OS: Windows 10 专业,更新 1903
架构: x86-64 CPU, x86-64 OS
CPU: Intel Core i5-2300 @ 2.8 GHz
RAM: 8 GiB
交换文件: 16000 MB

buffer = new uint8_t[size];
size_t vectSize = file.size();
file.reserve(vectSize + size);
...
for (size_t i = vectSize; i < size; i++) {
    // Might as well rewrite this and make this more efficient
    file.push_back(buffer[i]);
}

此代码应该将 buffer 附加到 file,因此 for 循环应该从零开始,而不是 vectSize。将其更改为:

for (size_t i = 0; i < size; i++) 
    file.push_back(buffer[i]);

看来您使用的是 C++11 或更新版本,因此您可以使用 std::vector 而不是 new。
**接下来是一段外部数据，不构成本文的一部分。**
lemma card_mirror_closed_Diff_pair:
  assumes "mirror_closed N X" "a \<in> X"
  shows "card X = card (X - {a, mirror N a}) + 2"
proof -
  have "{a, mirror N a} \<subseteq> X" "card {a, mirror N a} = 2"
    using assms by (auto simp: mirror_closed_def)
  then show ?thesis
    using card_Diff_subset[of "{a, mirror N a}" X] card_mono[of X "{a, mirror N a}"]
      finite_mirror_closed[OF assms(1)] by simp
qed

lemma even_card_mirror_closed: "mirror_closed N X \<Longrightarrow> even (card X)"
proof (induction "card X" arbitrary: X rule: less_induct)
  case less
  show ?case
  proof (cases "X = {}")
    case False
    then obtain a where a: "a \<in> X"
      by blast
    have "even (card (X - {a, mirror N a}))"
      using less card_mirror_closed_Diff_pair[OF less.prems a]
        mirror_closed_Diff_pair[OF less.prems a] by simp
    then show ?thesis
      using card_mirror_closed_Diff_pair[OF less.prems a] by simp
  qed simp
qed

lemma refl_set_mem_insert_iff:
  assumes "\<Union>M \<subseteq> {1..2*N}" "e \<subseteq> {1..2*N}" "refl_set N e \<notin> M" "f \<in> M"
  shows "refl_set N f \<in> insert e M \<longleftrightarrow> refl_set N f \<in> M"
proof -
  have "f \<subseteq> {1..2*N}"
    using assms(1,4) by blast
  then have "refl_set N f \<noteq> e"
    using assms(2-4) refl_set_eq_iff[of f N e] by auto
  then show ?thesis
    by simp
qed

lemma centered_arcs_insert:
  "centered_arcs N (insert e M) =
     (if refl_set N e = e then insert e (centered_arcs N M) else centered_arcs N M)"
  by (auto simp: centered_arcs_def)

section \<open>Weighted sums over matchings of mirror-closed sets\<close>

text \<open>For \<open>m = 0\<close> and \<open>m = 1\<close> the truncated arguments \<open>m - 1\<close> and \<open>m - 2\<close> are harmless:
  their coefficients vanish.\<close>

definition matching_recurrence :: "'a \<Rightarrow> 'a \<Rightarrow> 'a \<Rightarrow> (nat \<Rightarrow> 'a :: comm_ring_1) \<Rightarrow> bool" where
  "matching_recurrence r s t w \<longleftrightarrow> w 0 = 1 \<and>
     (\<forall>m. w (Suc m) = (r + 2 * of_nat m * t) * w m + 2 * of_nat m * (s - r * t) * w (m - 1)
                      + 4 * of_nat m * (of_nat m - 1) * t * (t\<^sup>2 - s) * w (m - 2))"

context
  fixes r s t :: "'a :: comm_ring_1" and N :: nat
begin

definition matching_weight :: "nat set set \<Rightarrow> 'a" where
  "matching_weight M = r ^ cnum N M * s ^ pnum N M * t ^ danum N M"

lemma matching_weight_empty [simp]: "matching_weight {} = 1"
  by (simp add: matching_weight_def cnum_def pnum_def danum_def centered_arcs_def coupled_arcs_def
      asymmetric_arcs_def)
(* Let $P\subset\mathbb{R}^d$ with $|P|=n$, let $D=\operatorname{diam}P$ and let $r\in[n]$. Then there is a point $q\in\mathbb{R}^d$ such that the closed ball $B\!\left(q,\frac{3.5D}{\sqrt r}\right)$ intersects the convex hull of at least $r^{-r}\binom nr$ of the $r$-element subsets of $P$.
   Context: $B(q,\rho)$ is the closed Euclidean ball of centre $q$ and radius $\rho$; $\operatorname{diam}$ is the Euclidean diameter. *)

theory Defs
  imports "HOL-Analysis.Analysis"
begin

end

theory Submission
  imports Defs
begin

(* The centroid of an r-subset S of P lies in the convex hull of S. Averaged over all r-subsets,
   the squared distance of these centroids from the centroid c of P is (n - r) / (r (n - 1)) times
   the average squared distance of the points of P from c, hence at most D^2 / r. By Markov's
   inequality at most 4/49 of the r-subsets have their centroid outside B(c, 3.5 D / sqrt r), and
   45/49 >= r^(-r) once r >= 2. If the radius is at least D (in particular for r = 1), every
   convex hull meets the ball centred at any point of P. *)

definition centroid :: "'a::real_vector set \<Rightarrow> 'a" where
  "centroid S = (1 / real (card S)) *\<^sub>R (\<Sum>S)"

lemma centroid_in_convex_hull:
  assumes "finite S" "S \<noteq> {}"
  shows "centroid S \<in> convex hull S"
proof -
  have "(\<Sum>p\<in>S. (1 / real (card S)) *\<^sub>R p) \<in> convex hull S"
    using assms by (intro convex_sum convex_convex_hull) (auto intro: hull_inc)
  then show ?thesis
    by (simp add: centroid_def scaleR_sum_right)
qed

lemma sum_diff_centroid:
  assumes "finite P"
  shows "(\<Sum>p\<in>P. p - centroid P) = 0"
  using assms by (cases "P = {}") (simp_all add: sum_subtractf sum_constant_scaleR centroid_def)

lemma dist_centroid_le_diameter:
  fixes P :: "'a::real_normed_vector set"
  assumes "finite P" "p \<in> P"
  shows "dist p (centroid P) \<le> diameter P"
proof -
  have "P \<subseteq> cball p (diameter P)"
    using assms diameter_bounded_bound[OF finite_imp_bounded] by fastforce
  then have "convex hull P \<subseteq> cball p (diameter P)"
    by (intro hull_minimal convex_cball)
  moreover have "centroid P \<in> convex hull P"
    using assms by (intro centroid_in_convex_hull) auto
  ultimately show ?thesis
    by auto
qed
(* Let $\Omega=\{1,\ldots,n\}$, $k\in\Omega$, and let $\phi$ be a generalized metric satisfying convexity: for all distributions $p_1,p_2,q_1,q_2$ on a common finite set and $\lambda\in[0,1]$, $\phi(\lambda p_1+(1-\lambda)p_2\|\lambda q_1+(1-\lambda)q_2)\le\lambda\phi(p_1\|q_1)+(1-\lambda)\phi(p_2\|q_2)$. Then for all $\Omega$-point distributions $p_1,p_2,q_1,q_2$ and $\lambda\in[0,1]$, $\widehat{\phi}_k(\lambda p_1+(1-\lambda)p_2\|\lambda q_1+(1-\lambda)q_2)\le\lambda\widehat{\phi}_k(p_1\|q_1)+(1-\lambda)\widehat{\phi}_k(p_2\|q_2)$.
   Context: An $\Omega$-point distribution is a probability vector on $\Omega$. $\phi$ assigns a real number $\phi(p\|q)$ to each pair of probability distributions on the same finite set. $\mathcal P_k(\Omega)$ is the set of partitions of $\Omega$ into exactly $k$ nonempty disjoint cells; for $\rho\in\mathcal P_k(\Omega)$, $\widehat p_\rho(a)=\sum_{i\in a}p(i)$ for $a\in\rho$. The Sketch $\star$-metric is $\widehat{\phi}_k(p\|q)=\max_{\rho\in\mathcal P_k(\Omega)}\phi(\widehat p_\rho\|\widehat q_\rho)$. *)

theory Defs
  imports Complex_Main "HOL-Library.Disjoint_Sets"
begin

definition prob_dist :: "'a set \<Rightarrow> ('a \<Rightarrow> real) \<Rightarrow> bool" where
  "prob_dist A p \<longleftrightarrow> finite A \<and> (\<forall>i\<in>A. 0 \<le> p i) \<and> sum p A = 1 \<and> (\<forall>i. i \<notin> A \<longrightarrow> p i = 0)"

definition partitions_k :: "'a set \<Rightarrow> nat \<Rightarrow> 'a set set set" where
  "partitions_k \<Omega> k = {\<rho>. partition_on \<Omega> \<rho> \<and> card \<rho> = k}"

definition coarsen :: "'a set set \<Rightarrow> ('a \<Rightarrow> real) \<Rightarrow> ('a set \<Rightarrow> real)" where
  "coarsen \<rho> p = (\<lambda>a. if a \<in> \<rho> then sum p a else 0)"

text \<open>Sketch star-metric. phi A p q is the value of phi for distributions p, q on the
  finite carrier A.\<close>
definition sketch :: "('a set set \<Rightarrow> ('a set \<Rightarrow> real) \<Rightarrow> ('a set \<Rightarrow> real) \<Rightarrow> real)
    \<Rightarrow> 'a set \<Rightarrow> nat \<Rightarrow> ('a \<Rightarrow> real) \<Rightarrow> ('a \<Rightarrow> real) \<Rightarrow> real" where
  "sketch \<phi> \<Omega> k p q = Max ((\<lambda>\<rho>. \<phi> \<rho> (coarsen \<rho> p) (coarsen \<rho> q)) ` partitions_k \<Omega> k)"

end

theory Submission
  imports Defs
begin

text \<open>Coarsening along a partition is linear, so a convex combination of distributions
  coarsens to the same convex combination of the coarsened distributions. Convexity of
  \<open>\<phi>\<close> on each fixed partition therefore bounds every term of the maximum defining the
  sketch metric, and a maximum of pointwise convexly bounded terms is bounded by the
  convex combination of the maxima.\<close>

lemma finite_partitions_k: "finite \<Omega> \<Longrightarrow> finite (partitions_k \<Omega> k)"
  unfolding partitions_k_def
  by (rule finite_subset[of _ "Pow (Pow \<Omega>)"]) (auto simp: partition_on_def)

lemma prob_dist_coarsen:
  assumes p: "prob_dist \<Omega> p" and \<rho>: "partition_on \<Omega> \<rho>"
  shows "prob_dist \<rho> (coarsen \<rho> p)"
proof -
  have "finite \<Omega>" using p by (simp add: prob_dist_def)
  have cover: "\<Union>\<rho> = \<Omega>" and disj: "disjoint \<rho>" using \<rho> by (auto simp: partition_on_def)
  have "finite \<rho>" using \<open>finite \<Omega>\<close> cover by (metis finite_UnionD)
  have cells_finite: "\<forall>a\<in>\<rho>. finite a" using \<open>finite \<Omega>\<close> cover by (meson Union_upper finite_subset)
  have "sum (coarsen \<rho> p) \<rho> = sum (sum p) \<rho>" by (simp add: coarsen_def)
  also have "\<dots> = sum p (\<Union>\<rho>)"
    using cells_finite disj by (subst sum.Union_disjoint) (auto simp: disjoint_def)
  also have "\<dots> = 1" using cover p by (simp add: prob_dist_def)
  finally have "sum (coarsen \<rho> p) \<rho> = 1" .
  moreover have "\<forall>a\<in>\<rho>. 0 \<le> coarsen \<rho> p a"
    using p cover by (auto simp: coarsen_def prob_dist_def intro!: sum_nonneg)
  ultimately show ?thesis using \<open>finite \<rho>\<close> by (auto simp: prob_dist_def coarsen_def)
qed

lemma coarsen_convex_comb:
  "coarsen \<rho> (\<lambda>x. t * p1 x + (1 - t) * p2 x)
     = (\<lambda>a. t * coarsen \<rho> p1 a + (1 - t) * coarsen \<rho> p2 a)"
  by (auto simp: coarsen_def sum.distrib sum_distrib_left)

lemma Max_image_le_convex_comb:
  fixes f g h :: "'a \<Rightarrow> real"
  assumes "finite S" "S \<noteq> {}" "0 \<le> t" "t \<le> 1"
    and bound: "\<And>x. x \<in> S \<Longrightarrow> f x \<le> t * g x + (1 - t) * h x"
  shows "Max (f ` S) \<le> t * Max (g ` S) + (1 - t) * Max (h ` S)"
proof -
  have "Max (f ` S) \<in> f ` S" using assms(1,2) by (intro Max_in) auto
  then obtain x where "x \<in> S" and max_at_x: "Max (f ` S) = f x" by auto
  note max_at_x
  also have "f x \<le> t * g x + (1 - t) * h x" using bound \<open>x \<in> S\<close> .
  also have "\<dots> \<le> t * Max (g ` S) + (1 - t) * Max (h ` S)"
    using assms(1,3,4) \<open>x \<in> S\<close> by (intro add_mono mult_left_mono Max_ge) auto
  finally show ?thesis .
qed

lemma sketch_convex:
  fixes \<phi> :: "'a set set \<Rightarrow> ('a set \<Rightarrow> real) \<Rightarrow> ('a set \<Rightarrow> real) \<Rightarrow> real"
  assumes convex: "\<And>A P1 P2 Q1 Q2 \<mu>. finite A \<Longrightarrow>
      prob_dist A P1 \<Longrightarrow> prob_dist A P2 \<Longrightarrow> prob_dist A Q1 \<Longrightarrow> prob_dist A Q2 \<Longrightarrow>
      0 \<le> \<mu> \<Longrightarrow> \<mu> \<le> 1 \<Longrightarrow>
      \<phi> A (\<lambda>x. \<mu> * P1 x + (1 - \<mu>) * P2 x) (\<lambda>x. \<mu> * Q1 x + (1 - \<mu>) * Q2 x)
        \<le> \<mu> * \<phi> A P1 Q1 + (1 - \<mu>) * \<phi> A P2 Q2"
    and p1: "prob_dist \<Omega> p1" and p2: "prob_dist \<Omega> p2"
    and q1: "prob_dist \<Omega> q1" and q2: "prob_dist \<Omega> q2"
    and t: "0 \<le> t" "t \<le> 1"
  shows "sketch \<phi> \<Omega> k (\<lambda>x. t * p1 x + (1 - t) * p2 x) (\<lambda>x. t * q1 x + (1 - t) * q2 x)
    \<le> t * sketch \<phi> \<Omega> k p1 q1 + (1 - t) * sketch \<phi> \<Omega> k p2 q2"
proof (cases "partitions_k \<Omega> k = {}")
  case True
  \<comment> \<open>Every sketch value is then the same unspecified \<open>Max {}\<close>.\<close>
  then show ?thesis by (simp add: sketch_def algebra_simps)
next
  case False
  have "finite (partitions_k \<Omega> k)"
    using p1 by (intro finite_partitions_k) (simp add: prob_dist_def)
  then show ?thesis
    unfolding sketch_def
  proof (rule Max_image_le_convex_comb[OF _ False t])
    fix \<rho> assume "\<rho> \<in> partitions_k \<Omega> k"
    then have \<rho>: "partition_on \<Omega> \<rho>" by (simp add: partitions_k_def)
    note dists = prob_dist_coarsen[OF p1 \<rho>] prob_dist_coarsen[OF p2 \<rho>]
      prob_dist_coarsen[OF q1 \<rho>] prob_dist_coarsen[OF q2 \<rho>]
    have "finite \<rho>" using dists(1) by (simp add: prob_dist_def)
    show "\<phi> \<rho> (coarsen \<rho> (\<lambda>x. t * p1 x + (1 - t) * p2 x))
            (coarsen \<rho> (\<lambda>x. t * q1 x + (1 - t) * q2 x))
          \<le> t * \<phi> \<rho> (coarsen \<rho> p1) (coarsen \<rho> q1)
            + (1 - t) * \<phi> \<rho> (coarsen \<rho> p2) (coarsen \<rho> q2)"
      unfolding coarsen_convex_comb by (rule convex[OF \<open>finite \<rho>\<close> dists t])
  qed
qed

theorem lemma6:
  fixes \<phi> :: "nat set set \<Rightarrow> (nat set \<Rightarrow> real) \<Rightarrow> (nat set \<Rightarrow> real) \<Rightarrow> real"
    and n k :: nat and p1 p2 q1 q2 :: "nat \<Rightarrow> real" and t :: real
  assumes convex: "\<And>A P1 P2 Q1 Q2 \<mu>. finite A \<Longrightarrow>
      prob_dist A P1 \<Longrightarrow> prob_dist A P2 \<Longrightarrow> prob_dist A Q1 \<Longrightarrow> prob_dist A Q2 \<Longrightarrow>
      0 \<le> \<mu> \<Longrightarrow> \<mu> \<le> 1 \<Longrightarrow>
      \<phi> A (\<lambda>x. \<mu> * P1 x + (1 - \<mu>) * P2 x) (\<lambda>x. \<mu> * Q1 x + (1 - \<mu>) * Q2 x)
        \<le> \<mu> * \<phi> A P1 Q1 + (1 - \<mu>) * \<phi> A P2 Q2"
    and k: "k \<in> {1..n}"
    and p1: "prob_dist {1..n} p1" and p2: "prob_dist {1..n} p2"
    and q1: "prob_dist {1..n} q1" and q2: "prob_dist {1..n} q2"
    and lam: "0 \<le> t" "t \<le> 1"
  shows "sketch \<phi> {1..n} k (\<lambda>x. t * p1 x + (1 - t) * p2 x) (\<lambda>x. t * q1 x + (1 - t) * q2 x)
    \<le> t * sketch \<phi> {1..n} k p1 q1 + (1 - t) * sketch \<phi> {1..n} k p2 q2"
  by (rule sketch_convex[where \<phi> = \<phi>, OF convex p1 p2 q1 q2 lam])

end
考虑用以下内容替换 do 循环:

while(true)
{
    if(!WinHttpQueryDataAvailable(request, &size))
        break;
    if(!size) 
        break;
    std::vector<uint8_t> buffer(size); 
    if(!WinHttpReadData(request, buffer.data(), size, &downloaded))
        break;
    if(!downloaded)
        break;
    buffer.resize(downloaded);
    file.insert(file.end(), buffer.begin(), buffer.end());
}

或者直接写入主缓冲区:

while(true)
{
    if(!WinHttpQueryDataAvailable(request, &size))
        break;
    if(!size)
        break;

    size_t current_size = file.size();
    file.resize(current_size + size);
    downloaded = 0;
    result = WinHttpReadData(request, file.data() + current_size, size, &downloaded);
    file.resize(current_size + downloaded);

    if(!result || !downloaded)
        break;
}

与错误无关:

不需要将缓冲区初始化为零。 Microsoft 示例中已完成,但该示例使用以空字符结尾的字符串,只需将最后一个字节设置为零即可。

考虑使用 WinINet 而不是 WinHTTP。如果您不需要服务器,WinINet 会更简单。

为我解决了这个问题,尽管还有另一种方法可以解决这个问题,同时仍然使用缓冲区。 (虽然我提到的答案仍然更快更优雅。)下面的单行替换了 for 循环:

file.insert(file.end(), &buffer[0], &buffer[size]);

将可迭代对象附加到 std::vector 是 "the C++ way"。尽管如此,首先写入 vector 显然更快。如果可以指定写在哪里,那就是。